= Alina Briedelytė-Kavaliauskienė =

Lithuanian painter

 Alina Audronė Briedelytė-Kavaliauskienė (17 March 1942 – 18 November 1992) was a Lithuanian painter. She graduated from the Lithuanian Art Institute in 1966.

== Biography ==
From 1960 to 1966, she studied textile arts at the Vilnius Academy of Arts. Since 1965, she worked as a textile artist-restorer at the Lithuanian Museum of History and Ethnography. Her works include tapestries ("Sea" 1976 at the "Žuvėdra" resort in Palanga, "Light and Shadows" 1978 at the Lithuanian Blind Association factory, "Blossoming Tree" 1980, "Autumn Music" 1982, "Gates to the Cosmos" 1984), spatial rugs ("Quo Vadis.
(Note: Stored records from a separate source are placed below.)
context
  fixes L K :: nat and s :: real and beta :: "nat \<Rightarrow> nat \<Rightarrow> nat \<Rightarrow> real"
    and p :: "nat \<Rightarrow> nat \<Rightarrow> real" and psi :: "nat \<Rightarrow> nat \<Rightarrow> complex^'t"
  assumes s_pos: "s > 0"
    and beta_nonneg: "\<And>l i j. l < L \<Longrightarrow> i < L \<Longrightarrow> j < K \<Longrightarrow> 0 \<le> beta l i j"
    and p_nonneg: "\<And>i j. i < L \<Longrightarrow> j < K \<Longrightarrow> 0 \<le> p i j"
begin

lemma fobj_summand_completed_square:
  assumes "l < L" and "k < K"
  shows "2 * beta l l k * sqrt (p l k) * Re (hip \<mu> (psi l k))
           - Re (hip \<mu> (Dmat L K s beta p psi l *v \<mu>))
         \<le> (beta l l k)\<^sup>2 * p l k * Re (hip (psi l k) (matrix_inv (Dmat L K s beta p psi l) *v psi l k))"
    and "2 * beta l l k * sqrt (p l k) * Re (hip (mu_update L K s beta p psi l k) (psi l k))
           - Re (hip (mu_update L K s beta p psi l k) (Dmat L K s beta p psi l *v mu_update L K s beta p psi l k))
         = (beta l l k)\<^sup>2 * p l k * Re (hip (psi l k) (matrix_inv (Dmat L K s beta p psi l) *v psi l k))"
proof -
  let ?D = "Dmat L K s beta p psi l"
  have pd: "0 < Re (hip x (?D *v x))" if "x \<noteq> 0" for x
    using Dmat_positive_definite[OF s_pos _ that] beta_nonneg p_nonneg \<open>l < L\<close> by simp
  have psd: "0 \<le> Re (hip x (?D *v x))" for x
    using pd[of x] by (cases "x = 0") (auto simp: hip_def)
  have b2: "(beta l l k * sqrt (p l k))\<^sup>2 = (beta l l k)\<^sup>2 * p l k"
    using p_nonneg[OF assms] by (simp add: power_mult_distrib)
  note square = scaled_completed_square[OF hermitian_Dmat psd invertible_if_positive_definite[OF pd],
      where b = "beta l l k * sqrt (p l k)", unfolded b2]
  show "2 * beta l l k * sqrt (p l k) * Re (hip \<mu> (psi l k)) - Re (hip \<mu> (?D *v \<mu>))
         \<le> (beta l l k)\<^sup>2 * p l k * Re (hip (psi l k) (matrix_inv ?D *v psi l k))"
    using square(1) by (simp add: mult.assoc)
  show "2 * beta l l k * sqrt (p l k) * Re (hip (mu_update L K s beta p psi l k) (psi l k))
           - Re (hip (mu_update L K s beta p psi l k) (?D *v mu_update L K s beta p psi l k))
         = (beta l l k)\<^sup>2 * p l k * Re (hip (psi l k) (matrix_inv ?D *v psi l k))"
    using square(2) by (simp add: mu_update_def mult.assoc)
qed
In Memory of Hiroshima" 1985), batiks, appliqué, and patterned fabric samples for the Panevėžys Linen Factory, as well as textile miniatures.
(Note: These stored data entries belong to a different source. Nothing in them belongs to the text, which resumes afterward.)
(* Let $H$ be a separable complex Hilbert space and let $\mathcal{U}$ be a unitary system on $H$. If $\psi_1,\psi_2\in\mathcal{W}(\mathcal{U})$, then $\psi_1+\lambda\psi_2\in\mathcal{RW}(\mathcal{U})$ for every complex scalar $\lambda$ with $|\lambda|\neq 1$. More generally, if $\psi_1,\psi_2\in\mathcal{RW}(\mathcal{U})$, then there are constants $b>a>0$ such that $\psi_1+\lambda\psi_2\in\mathcal{RW}(\mathcal{U})$ for all $\lambda\in\mathbb{C}$ with either $|\lambda|<a$ or $|\lambda|>b$.
   Context: A unitary system on $H$ is a collection $\mathcal{U}$ of unitary operators on $H$ containing the identity operator. A vector $\psi\in H$ is a complete wandering vector for $\mathcal{U}$ if $\{U\psi: U\in\mathcal{U}\}$ is an orthonormal set whose closed linear span is $H$; $\mathcal{W}(\mathcal{U})$ denotes the set of complete wandering vectors. A Riesz basis of a Hilbert space is the image of an orthonormal basis under a bounded invertible operator. A vector $\psi$ is a complete Riesz vector for $\mathcal{U}$ if $\{U\psi:U\in\mathcal{U}\}$ is a Riesz basis for its closed linear span and this closed linear span is $H$; $\mathcal{RW}(\mathcal{U})$ denotes the set of complete Riesz vectors. *)

theory Defs
  imports "HOL-Analysis.Analysis"
begin

text \<open>HOL-Analysis only provides real inner product spaces, so we introduce
complex vector spaces, complex inner product spaces and complex Hilbert spaces
as type classes (following the usual axioms; inner product is conjugate-linear
in the first argument and linear in the second, and induces the norm).\<close>

class complex_vector = real_vector +
  fixes scaleC :: "complex \<Rightarrow> 'a \<Rightarrow> 'a" (infixr \<open>*\<^sub>C\<close> 75)
  assumes scaleC_add_right: "a *\<^sub>C (x + y) = a *\<^sub>C x + a *\<^sub>C y"
    and scaleC_add_left: "(a + b) *\<^sub>C x = a *\<^sub>C x + b *\<^sub>C x"
    and scaleC_scaleC: "a *\<^sub>C (b *\<^sub>C x) = (a * b) *\<^sub>C x"
    and scaleC_one: "1 *\<^sub>C x = x"
    and scaleR_scaleC: "scaleR r = scaleC (complex_of_real r)"

class complex_inner = complex_vector + real_normed_vector +
  fixes cinner :: "'a \<Rightarrow> 'a \<Rightarrow> complex"
  assumes cinner_commute: "cinner x y = cnj (cinner y x)"
    and cinner_add_left: "cinner (x + y) z = cinner x z + cinner y z"
    and cinner_scaleC_left: "cinner (r *\<^sub>C x) y = cnj r * cinner x y"
    and cinner_ge_zero: "0 \<le> Re (cinner x x) \<and> Im (cinner x x) = 0"
    and cinner_eq_zero_iff: "cinner x x = 0 \<longleftrightarrow> x = 0"
    and norm_eq_sqrt_cinner: "norm x = sqrt (Re (cinner x x))"

class chilbert_space = complex_inner + complete_space

definition clinear :: "('a::complex_vector \<Rightarrow> 'b::complex_vector) \<Rightarrow> bool" where
  "clinear T \<longleftrightarrow> (\<forall>x y. T (x + y) = T x + T y) \<and> (\<forall>c x. T (c *\<^sub>C x) = c *\<^sub>C T x)"

definition bounded_clinear_op :: "('a::complex_inner \<Rightarrow> 'b::complex_inner) \<Rightarrow> bool" where
  "bounded_clinear_op T \<longleftrightarrow> clinear T \<and> (\<exists>K. \<forall>x. norm (T x) \<le> K * norm x)"

definition bounded_invertible :: "('a::complex_inner \<Rightarrow> 'a) \<Rightarrow> bool" where
  "bounded_invertible T \<longleftrightarrow> bounded_clinear_op T \<and>
     (\<exists>S. bounded_clinear_op S \<and> S \<circ> T = id \<and> T \<circ> S = id)"

definition unitary :: "('a::complex_inner \<Rightarrow> 'a) \<Rightarrow> bool" where
  "unitary U \<longleftrightarrow> clinear U \<and> surj U \<and> (\<forall>x y. cinner (U x) (U y) = cinner x y)"

definition cspan :: "'a::complex_vector set \<Rightarrow> 'a set" where
  "cspan S = {y. \<exists>F c. finite F \<and> F \<subseteq> S \<and> y = (\<Sum>x\<in>F. c x *\<^sub>C x)}"

definition orthonormal_family :: "'i set \<Rightarrow> ('i \<Rightarrow> 'a::complex_inner) \<Rightarrow> bool" where
  "orthonormal_family I e \<longleftrightarrow> (\<forall>i\<in>I. \<forall>j\<in>I. cinner (e i) (e j) = (if i = j then 1 else 0))"

definition onb_family :: "'i set \<Rightarrow> ('i \<Rightarrow> 'a::complex_inner) \<Rightarrow> bool" where
  "onb_family I e \<longleftrightarrow> orthonormal_family I e \<and> closure (cspan (e ` I)) = UNIV"

definition riesz_basis_family :: "'i set \<Rightarrow> ('i \<Rightarrow> 'a::complex_inner) \<Rightarrow> bool" where
  "riesz_basis_family I f \<longleftrightarrow>
     (\<exists>e T. onb_family I e \<and> bounded_invertible T \<and> (\<forall>i\<in>I. f i = T (e i)))"

definition unitary_system :: "('a::complex_inner \<Rightarrow> 'a) set \<Rightarrow> bool" where
  "unitary_system \<U> \<longleftrightarrow> (\<forall>U\<in>\<U>. unitary U) \<and> id \<in> \<U>"

definition complete_wandering :: "('a::complex_inner \<Rightarrow> 'a) set \<Rightarrow> 'a set" where
  "complete_wandering \<U> = {\<psi>. orthonormal_family \<U> (\<lambda>U. U \<psi>) \<and> closure (cspan ((\<lambda>U. U \<psi>) ` \<U>)) = UNIV}"

definition complete_riesz :: "('a::complex_inner \<Rightarrow> 'a) set \<Rightarrow> 'a set" where
  "complete_riesz \<U> = {\<psi>. closure (cspan ((\<lambda>U. U \<psi>) ` \<U>)) = UNIV \<and> riesz_basis_family \<U> (\<lambda>U. U \<psi>)}"

end

theory Submission
  imports Defs
begin

text \<open>If the orbits \<open>U \<psi>1\<close> and \<open>U \<psi>2\<close> (\<open>U \<in> \<U>\<close>) are Riesz bases, composing their Riesz
  operators with the unitary map between the underlying orthonormal bases gives a bounded
  invertible \<open>A\<close> with \<open>A (U \<psi>1) = U \<psi>2\<close>; if both orbits are orthonormal, \<open>A\<close> itself is
  unitary. By linearity \<open>U (\<psi>1 + l \<psi>2) = (I + l A) (U \<psi>1)\<close>, so \<open>\<psi>1 + l \<psi>2\<close> is a complete
  Riesz vector whenever \<open>I + l A\<close> is invertible. By the contraction principle this holds if
  \<open>|l| \<parallel>A\<parallel> < 1\<close>, and, writing \<open>I + l A = l A (I + l\<^sup>-\<^sup>1 A\<^sup>-\<^sup>1)\<close>, also if
  \<open>|l| > \<parallel>A\<^sup>-\<^sup>1\<parallel>\<close>. For unitary \<open>A\<close> both norms are \<open>1\<close>, which leaves \<open>|l| \<noteq> 1\<close>.\<close>

declare scaleC_one [simp]

lemma scaleC_zero_right [simp]: "a *\<^sub>C (0::'a::complex_vector) = 0"
  by (metis add_cancel_right_right scaleC_add_right)

lemma scaleC_of_real: "complex_of_real r *\<^sub>C (x::'a::complex_vector) = r *\<^sub>R x"
  by (simp add: scaleR_scaleC)

lemma scaleC_zero_left [simp]: "0 *\<^sub>C (x::'a::complex_vector) = 0"
  using scaleC_of_real[of 0 x] by simp

lemma scaleC_minus_one: "(-1) *\<^sub>C (x::'a::complex_vector) = - x"
  using scaleC_of_real[of "-1" x] by simp

lemma scaleC_sum_right: "a *\<^sub>C (\<Sum>i\<in>G. f i) = (\<Sum>i\<in>G. a *\<^sub>C (f i::'a::complex_vector))"
  by (induction G rule: infinite_finite_induct) (simp_all add: scaleC_add_right)

lemma scaleR_scaleC_commute: "r *\<^sub>R (a *\<^sub>C x) = a *\<^sub>C (r *\<^sub>R (x::'a::complex_vector))"
  by (simp add: scaleR_scaleC scaleC_scaleC mult.commute)

lemma clinear_imp_linear: "clinear T \<Longrightarrow> linear T"
  unfolding clinear_def by (intro linearI) (auto simp: scaleR_scaleC)

lemma clinear_sum: "clinear T \<Longrightarrow> T (\<Sum>i\<in>G. f i) = (\<Sum>i\<in>G. T (f i))"
  using linear_sum[OF clinear_imp_linear] by (simp add: o_def)

lemma clinear_scaleC: "clinear T \<Longrightarrow> clinear (\<lambda>x. c *\<^sub>C T x)"
  unfolding clinear_def by (simp add: scaleC_add_right scaleC_scaleC mult.commute)

lemma clinear_inverse:
  assumes "clinear T" "\<And>x. S (T x) = x" "\<And>y. T (S y) = y"
  shows "clinear S"
  unfolding clinear_def
proof (intro conjI allI)
  fix x y
  have "S (x + y) = S (T (S x + S y))"
    using assms unfolding clinear_def by simp
  then show "S (x + y) = S x + S y" by (simp add: assms(2))
next
  fix c x
  have "S (c *\<^sub>C x) = S (T (c *\<^sub>C S x))"
    using assms unfolding clinear_def by simp
  then show "S (c *\<^sub>C x) = c *\<^sub>C S x" by (simp add: assms(2))
qed

lemma cinner_zero_left [simp]: "cinner 0 x = 0"
  using cinner_add_left[of 0 0 x] by simp

lemma cinner_add_right: "cinner z (x + y) = cinner z x + cinner z y"
  by (metis cinner_add_left cinner_commute complex_cnj_add)

lemma cinner_zero_right [simp]: "cinner x 0 = 0"
  using cinner_add_right[of x 0 0] by simp

lemma cinner_scaleC_right: "cinner z (r *\<^sub>C x) = r * cinner z x"
  by (metis cinner_commute cinner_scaleC_left complex_cnj_cnj complex_cnj_mult)

lemma cinner_sum_left: "cinner (\<Sum>i\<in>G. f i) z = (\<Sum>i\<in>G. cinner (f i) z)"
  using sum_comp_morphism[of "\<lambda>x. cinner x z" f G] by (simp add: cinner_add_left o_def)

lemma cinner_sum_right: "cinner z (\<Sum>i\<in>G. f i) = (\<Sum>i\<in>G. cinner z (f i))"
  using sum_comp_morphism[of "\<lambda>x. cinner z x" f G] by (simp add: cinner_add_right o_def)

lemma norm_scaleC: "norm (c *\<^sub>C (x::'a::complex_inner)) = cmod c * norm x"
proof -
  have "cinner (c *\<^sub>C x) (c *\<^sub>C x) = complex_of_real ((cmod c)\<^sup>2) * cinner x x"
    by (simp add: cinner_scaleC_left cinner_scaleC_right complex_norm_square mult.commute
        del: of_real_power)
  then have "(norm (c *\<^sub>C x))\<^sup>2 = (cmod c * norm x)\<^sup>2"
    using cinner_ge_zero[of x] by (simp add: norm_eq_sqrt_cinner power_mult_distrib)
  then show ?thesis by (simp add: power2_eq_iff_nonneg)
qed

lemma bounded_linear_scaleC: "bounded_linear (\<lambda>x::'a::complex_inner. c *\<^sub>C x)"
  by (rule bounded_linear_intro[where K="cmod c"])
     (auto simp: scaleC_add_right scaleR_scaleC_commute norm_scaleC mult.commute)

lemma bounded_clinear_op_bounded_linear:
  assumes "bounded_clinear_op T"
  shows "bounded_linear T"
proof -
  obtain K where "clinear T" "\<forall>x. norm (T x) \<le> K * norm x"
    using assms unfolding bounded_clinear_op_def by blast
  then show ?thesis
    using clinear_imp_linear[OF \<open>clinear T\<close>]
    by (intro bounded_linear_intro[where K=K]) (auto simp: linear_add linear_scale mult.commute)
qed

lemma bounded_clinear_op_continuous_on: "bounded_clinear_op T \<Longrightarrow> continuous_on S T"
  by (rule linear_continuous_on[OF bounded_clinear_op_bounded_linear])

lemma bounded_clinear_op_nonneg_bound:
  assumes "bounded_clinear_op T"
  obtains K where "0 \<le> K" "\<And>x. norm (T x) \<le> K * norm x"
proof -
  obtain K where K: "\<forall>x. norm (T x) \<le> K * norm x"
    using assms unfolding bounded_clinear_op_def by blast
  have "norm (T x) \<le> max K 0 * norm x" for x
    using K[rule_format, of x] mult_right_mono[of K "max K 0" "norm x"] by auto
  then show thesis by (intro that[of "max K 0"]) auto
qed

lemma bounded_clinear_op_isometry:
  "clinear T \<Longrightarrow> (\<And>x. norm (T x) = norm x) \<Longrightarrow> bounded_clinear_op T"
  unfolding bounded_clinear_op_def by (auto intro!: exI[of _ 1])

lemma bounded_clinear_op_comp:
  assumes "bounded_clinear_op A" "bounded_clinear_op B"
  shows "bounded_clinear_op (A \<circ> B)"
proof -
  obtain KA where KA: "0 \<le> KA" "\<And>x. norm (A x) \<le> KA * norm x"
    using bounded_clinear_op_nonneg_bound[OF assms(1)] by blast
  obtain KB where KB: "\<And>x. norm (B x) \<le> KB * norm x"
    using assms(2) unfolding bounded_clinear_op_def by blast
  have "norm (A (B x)) \<le> (KA * KB) * norm x" for x
    using order_trans[OF KA(2) mult_left_mono[OF KB KA(1)]] by (simp add: mult.assoc)
  then show ?thesis
    using assms unfolding bounded_clinear_op_def clinear_def by auto
qed

lemma bounded_invertibleI:
  assumes "bounded_clinear_op T" "bounded_clinear_op S" "\<And>x. S (T x) = x" "\<And>y. T (S y) = y"
  shows "bounded_invertible T"
  unfolding bounded_invertible_def using assms by (auto simp: fun_eq_iff)

lemma bounded_invertibleE:
  assumes "bounded_invertible T"
  obtains S where "bounded_clinear_op T" "bounded_clinear_op S"
    "\<And>x. S (T x) = x" "\<And>y. T (S y) = y"
  using assms unfolding bounded_invertible_def by (metis comp_apply id_apply)

lemma bounded_invertible_id: "bounded_invertible (\<lambda>x::'a::complex_inner. x)"
  by (rule bounded_invertibleI[of _ "\<lambda>x. x"]) (simp_all add: bounded_clinear_op_isometry clinear_def)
Her works are decorative, with compositions based on the harmonious arrangement of simplified, generalized forms. The space in her creations is altered according to the principles of optical art. Since 1966, she participated in exhibitions both in Lithuania and abroad. Her works are part of collections at the Lithuanian Art Museum and the Kaunas War Museum.